From: Seiji Aguchi <seiji.aguchi@hds.com>
To: "kexec@lists.infradead.org" <kexec@lists.infradead.org>,
        "linux-kernel@vger.kernel.org" <linux-kernel@vger.kernel.org>,
        "dle-develop@lists.sourceforge.net" 
	<dle-develop@lists.sourceforge.net>,
        "ebiederm@xmission.com" <ebiederm@xmission.com>,
        "vgoyal@redhat.com" <vgoyal@redhat.com>,
        KOSAKI Motohiro <kosaki.motohiro@jp.fujitsu.com>,
        "xiyou.wangcong@gmail.com" <xiyou.wangcong@gmail.com>,
        "jarod@redhat.com" <jarod@redhat.com>,
        "tony.luck@intel.com" <tony.luck@intel.com>,
        "ying.huang@intel.com" <ying.huang@intel.com>
CC: Satoru Moriya <satoru.moriya@hds.com>
Date: Wed, 23 Feb 2011 12:46:54 -0500
Subject: [RFC][PATCH] Execute kmsg_dump() reliably in kdump path
Thread-Topic: [RFC][PATCH] Execute kmsg_dump() reliably in kdump path
Thread-Index: AcvTgaiNIX96v06QSYmqA0L+T0ebsw==
Message-ID: <5C4C569E8A4B9B42A84A977CF070A35B2C14B5A307@USINDEVS01.corp.hds.com>
Accept-Language: en-US
Content-Language: en-US
acceptlanguage: en-US
Content-Type: text/plain; charset="us-ascii"
Content-Transfer-Encoding: 8BIT
MIME-Version: 1.0
Sender: linux-kernel-owner@vger.kernel.org
Content-Length: 9248
Lines: 283

Sorry.
I resend this patch because some mail address ,linux-kernel@vger.kernel.org and 
kosaki.motohiro@jp.fujitsu.com, were missing.

Seiji

Hi,

This patch tries to execute kmsg_dump() reliably in kdump path.

[Needs for kmsg_dump() in kdump path]
 
 From our support service experience, we always need to detect root cause of OS panic.
 Customers in enterprise area never forgive us if kdump fails and  we can't detect the root  cause of panic due to lack of materials for investigation.

 On the other hand, kdump could be unreliable for following reason.
    - Before booting 2nd kernel, kdump checks its sha256 checksum and if it fails to
      verify the correctness, kdump doesn't start 2nd kernel.
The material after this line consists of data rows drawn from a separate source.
(* Let $T$ be the weighted shift on $\ell^2$ associated to a bounded complex sequence $(a_j)_{j\ge1}$. If both $T$ and its mean transform $M(T)$ are $2$-isometries, then $T$ is an isometry, and in particular $T=\Delta(T)=M(T)$.
   Context: $\ell^2$ has canonical basis $(e_j)_{j\ge1}$; the weighted shift associated to $(a_j)$ is the operator with $Te_j=a_je_{j+1}$. For $T\in B(H)$ with polar decomposition $T=V|T|$ ($|T|=(T^*T)^{1/2}$, $V$ the partial isometry with $\ker V=\ker T$), the Aluthge transform is $\Delta(T)=|T|^{1/2}V|T|^{1/2}$ and the mean transform is $M(T)=\frac12(|T|V+V|T|)$. $T$ is a $2$-isometry if $\|x\|^2-2\|Tx\|^2+\|T^2x\|^2=0$ for all $x\in H$. *)

theory Defs
  imports "HOL-Analysis.Analysis"
begin

text \<open>The Hilbert space l2 is modelled as the set of square-summable sequences
  nat \<Rightarrow> complex (index 0 plays the role of index 1 of the paper).
  Operators are functions on sequences; only their action on l2 matters.\<close>

definition l2 :: "(nat \<Rightarrow> complex) set" where
  "l2 = {x. summable (\<lambda>n. (cmod (x n))\<^sup>2)}"

definition l2inner :: "(nat \<Rightarrow> complex) \<Rightarrow> (nat \<Rightarrow> complex) \<Rightarrow> complex" where
  "l2inner x y = (\<Sum>n. x n * cnj (y n))"

definition l2norm :: "(nat \<Rightarrow> complex) \<Rightarrow> real" where
  "l2norm x = sqrt (\<Sum>n. (cmod (x n))\<^sup>2)"

definition bdd_op :: "((nat \<Rightarrow> complex) \<Rightarrow> (nat \<Rightarrow> complex)) \<Rightarrow> bool" where
  "bdd_op A \<longleftrightarrow>
     (\<forall>x\<in>l2. A x \<in> l2) \<and>
     (\<forall>x\<in>l2. \<forall>y\<in>l2. A (\<lambda>n. x n + y n) = (\<lambda>n. A x n + A y n)) \<and>
     (\<forall>x\<in>l2. \<forall>c. A (\<lambda>n. c * x n) = (\<lambda>n. c * A x n)) \<and>
     (\<exists>C. \<forall>x\<in>l2. l2norm (A x) \<le> C * l2norm x)"

definition is_adjoint :: "((nat \<Rightarrow> complex) \<Rightarrow> (nat \<Rightarrow> complex)) \<Rightarrow> ((nat \<Rightarrow> complex) \<Rightarrow> (nat \<Rightarrow> complex)) \<Rightarrow> bool" where
  "is_adjoint A B \<longleftrightarrow> bdd_op A \<and> bdd_op B \<and>
     (\<forall>x\<in>l2. \<forall>y\<in>l2. l2inner (A x) y = l2inner x (B y))"

text \<open>Positive operator: \<langle>Px,x\<rangle> \<ge> 0 for all x (self-adjoint on a complex space).\<close>
definition positive_op :: "((nat \<Rightarrow> complex) \<Rightarrow> (nat \<Rightarrow> complex)) \<Rightarrow> bool" where
  "positive_op P \<longleftrightarrow> bdd_op P \<and>
     (\<forall>x\<in>l2. Im (l2inner (P x) x) = 0 \<and> Re (l2inner (P x) x) \<ge> 0)"

definition is_pos_sqrt :: "((nat \<Rightarrow> complex) \<Rightarrow> (nat \<Rightarrow> complex)) \<Rightarrow> ((nat \<Rightarrow> complex) \<Rightarrow> (nat \<Rightarrow> complex)) \<Rightarrow> bool" where
  "is_pos_sqrt Q P \<longleftrightarrow> positive_op Q \<and> (\<forall>x\<in>l2. Q (Q x) = P x)"

definition is_modulus :: "((nat \<Rightarrow> complex) \<Rightarrow> (nat \<Rightarrow> complex)) \<Rightarrow> ((nat \<Rightarrow> complex) \<Rightarrow> (nat \<Rightarrow> complex)) \<Rightarrow> bool" where
  "is_modulus P T \<longleftrightarrow> (\<exists>S. is_adjoint T S \<and> is_pos_sqrt P (\<lambda>x. S (T x)))"

definition partial_isometry :: "((nat \<Rightarrow> complex) \<Rightarrow> (nat \<Rightarrow> complex)) \<Rightarrow> bool" where
  "partial_isometry V \<longleftrightarrow> bdd_op V \<and>
     (\<forall>x\<in>l2. (\<forall>y\<in>l2. V y = (\<lambda>n. 0) \<longrightarrow> l2inner x y = 0) \<longrightarrow> l2norm (V x) = l2norm x)"

definition polar_decomp :: "((nat \<Rightarrow> complex) \<Rightarrow> (nat \<Rightarrow> complex)) \<Rightarrow> ((nat \<Rightarrow> complex) \<Rightarrow> (nat \<Rightarrow> complex)) \<Rightarrow> ((nat \<Rightarrow> complex) \<Rightarrow> (nat \<Rightarrow> complex)) \<Rightarrow> bool" where
  "polar_decomp T V P \<longleftrightarrow> is_modulus P T \<and> partial_isometry V \<and>
     (\<forall>x\<in>l2. V x = (\<lambda>n. 0) \<longleftrightarrow> T x = (\<lambda>n. 0)) \<and>
     (\<forall>x\<in>l2. T x = V (P x))"

text \<open>Aluthge transform |T|^(1/2) V |T|^(1/2), with Q = |T|^(1/2).\<close>
definition aluthge :: "((nat \<Rightarrow> complex) \<Rightarrow> (nat \<Rightarrow> complex)) \<Rightarrow> ((nat \<Rightarrow> complex) \<Rightarrow> (nat \<Rightarrow> complex)) \<Rightarrow> (nat \<Rightarrow> complex) \<Rightarrow> (nat \<Rightarrow> complex)" where
  "aluthge V Q = (\<lambda>x. Q (V (Q x)))"

text \<open>Mean transform (|T| V + V |T|)/2, with P = |T|.\<close>
definition mean_tr :: "((nat \<Rightarrow> complex) \<Rightarrow> (nat \<Rightarrow> complex)) \<Rightarrow> ((nat \<Rightarrow> complex) \<Rightarrow> (nat \<Rightarrow> complex)) \<Rightarrow> (nat \<Rightarrow> complex) \<Rightarrow> (nat \<Rightarrow> complex)" where
  "mean_tr V P = (\<lambda>x. (\<lambda>n. (P (V x) n + V (P x) n) / 2))"

text \<open>Weighted shift T e_j = a_j e_{j+1}.\<close>
definition wshift :: "(nat \<Rightarrow> complex) \<Rightarrow> (nat \<Rightarrow> complex) \<Rightarrow> (nat \<Rightarrow> complex)" where
  "wshift a x = (\<lambda>n. if n = 0 then 0 else a (n - 1) * x (n - 1))"

definition two_isometry :: "((nat \<Rightarrow> complex) \<Rightarrow> (nat \<Rightarrow> complex)) \<Rightarrow> bool" where
  "two_isometry T \<longleftrightarrow>
     (\<forall>x\<in>l2. (l2norm x)\<^sup>2 - 2 * (l2norm (T x))\<^sup>2 + (l2norm (T (T x)))\<^sup>2 = 0)"

definition isometry_op :: "((nat \<Rightarrow> complex) \<Rightarrow> (nat \<Rightarrow> complex)) \<Rightarrow> bool" where
  "isometry_op T \<longleftrightarrow> (\<forall>x\<in>l2. l2norm (T x) = l2norm x)"

end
In other words, we may 
      loose materials for detecting root cause of kernel panic when memory corruption happens.

 For avoiding losing materials, we want two mechanisms in place. 
  - One is light weight ,kmsg_dump, which tries to save kernel buffers in NVRAM/flush memory.
  - The other is heavy weight one ,kdump, which tries to save the entire/filtered kernel core.

[Discussion about kmsg_dump() in kdump path]

 Eric(and others) think that kmsg_dump() should be removed from kdump path because code of
 kmsg_dump() is unreliable and it may cause kdump failure.
 The patch has already been proposed.
 https://lkml.org/lkml/2011/2/1/33

 On the other hand, Hitachi would like to store kernel buffers to NVRAM in kdump path because  we may not have any information after the crash if kdump fails.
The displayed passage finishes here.